* Task to complete: Copy out all lines of the records in which the word "Rfun" appears.

* Collected data entries:
(* Let $p_1,p_2,q$ be non-negative integers, $k$ an integer and $x_1,x_2\in\mathbb{C}$. Define rational functions $\mathcal{R}_{\mu,k}(y)$ for integers $\mu\ge -1$ by $\mathcal{R}_{-1,k}(y)=-1$ and, for $\mu\ge 0$, $$\mathcal{R}_{\mu,k}(y)=y(y+\mu+2)^{k}\mathcal{R}_{\mu-1,k}(y)-(y+1)^{k+1}\mathcal{R}_{\mu-1,k}(y+1).$$ Then $$\sum_{l=0}^{q}\binom{q}{l}(-x_1)^{q-l}B^{(k)}_{p_1+l,p_2}(x_1,x_2)=\sum_{l=0}^{q}\binom{q}{l}(-x_2)^{q-l}B^{(k)}_{p_1,p_2+l}(x_1,x_2)=-\sum_{l=0}^{p_1+p_2}S_{1,x_1}^{1,x_2,p_2}(p_1,l)\,\frac{(-1)^{l}\,l!\,\mathcal{R}_{q-1,k}(l)}{\left(\prod_{i=1}^{q+1}(l+i)\right)^{k}}.$$
   Context: For non-negative integers $p_1,p_2,l$ and $x_1,x_2\in\mathbb{C}$, the generalized Stirling numbers are $$S_{1,x_1}^{1,x_2,p_2}(p_1,l)=\frac{1}{l!}\sum_{j=0}^{l}(-1)^{j}\binom{l}{j}(l-j+x_1)^{p_1}(l-j+x_2)^{p_2}.$$ For an integer $k$, the bi-variate poly-Bernoulli polynomial is $$B^{(k)}_{p_1,p_2}(x_1,x_2)=\sum_{l=0}^{p_1+p_2}S_{1,x_1}^{1,x_2,p_2}(p_1,l)\frac{(-1)^{l}\,l!}{(l+1)^{k}}.$$ *)

theory Defs
  imports Complex_Main
begin

definition gen_stirling :: "complex \<Rightarrow> complex \<Rightarrow> nat \<Rightarrow> nat \<Rightarrow> nat \<Rightarrow> complex" where
  "gen_stirling x1 x2 p2 p1 l =
     (1 / of_nat (fact l)) *
     (\<Sum>j=0..l. (-1)^j * of_nat (l choose j) *
        (of_nat (l - j) + x1)^p1 * (of_nat (l - j) + x2)^p2)"

definition bipoly_bernoulli :: "int \<Rightarrow> nat \<Rightarrow> nat \<Rightarrow> complex \<Rightarrow> complex \<Rightarrow> complex" where
  "bipoly_bernoulli k p1 p2 x1 x2 =
     (\<Sum>l=0..p1+p2. gen_stirling x1 x2 p2 p1 l *
        ((-1)^l * of_nat (fact l) / (of_nat (l + 1)) powi k))"

text \<open>The rational functions R_{mu,k}, shifted by one: Rfun k m = R_{m-1,k}, so
  Rfun k 0 = R_{-1,k} = -1 and Rfun k (Suc m) = R_{m,k}.\<close>
fun Rfun :: "int \<Rightarrow> nat \<Rightarrow> complex \<Rightarrow> complex" where
  "Rfun k 0 y = -1"
| "Rfun k (Suc m) y =
     y * (y + of_nat m + 2) powi k * Rfun k m y - (y + 1) powi (k + 1) * Rfun k m (y + 1)"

* Response box:
text \<open>The rational functions R_{mu,k}, shifted by one: Rfun k m = R_{m-1,k}, so
  Rfun k 0 = R_{-1,k} = -1 and Rfun k (Suc m) = R_{m,k}.\<close>
fun Rfun :: "int \<Rightarrow> nat \<Rightarrow> complex \<Rightarrow> complex" where
  "Rfun k 0 y = -1"
| "Rfun k (Suc m) y =
     y * (y + of_nat m + 2) powi k * Rfun k m y - (y + 1) powi (k + 1) * Rfun k m (y + 1)"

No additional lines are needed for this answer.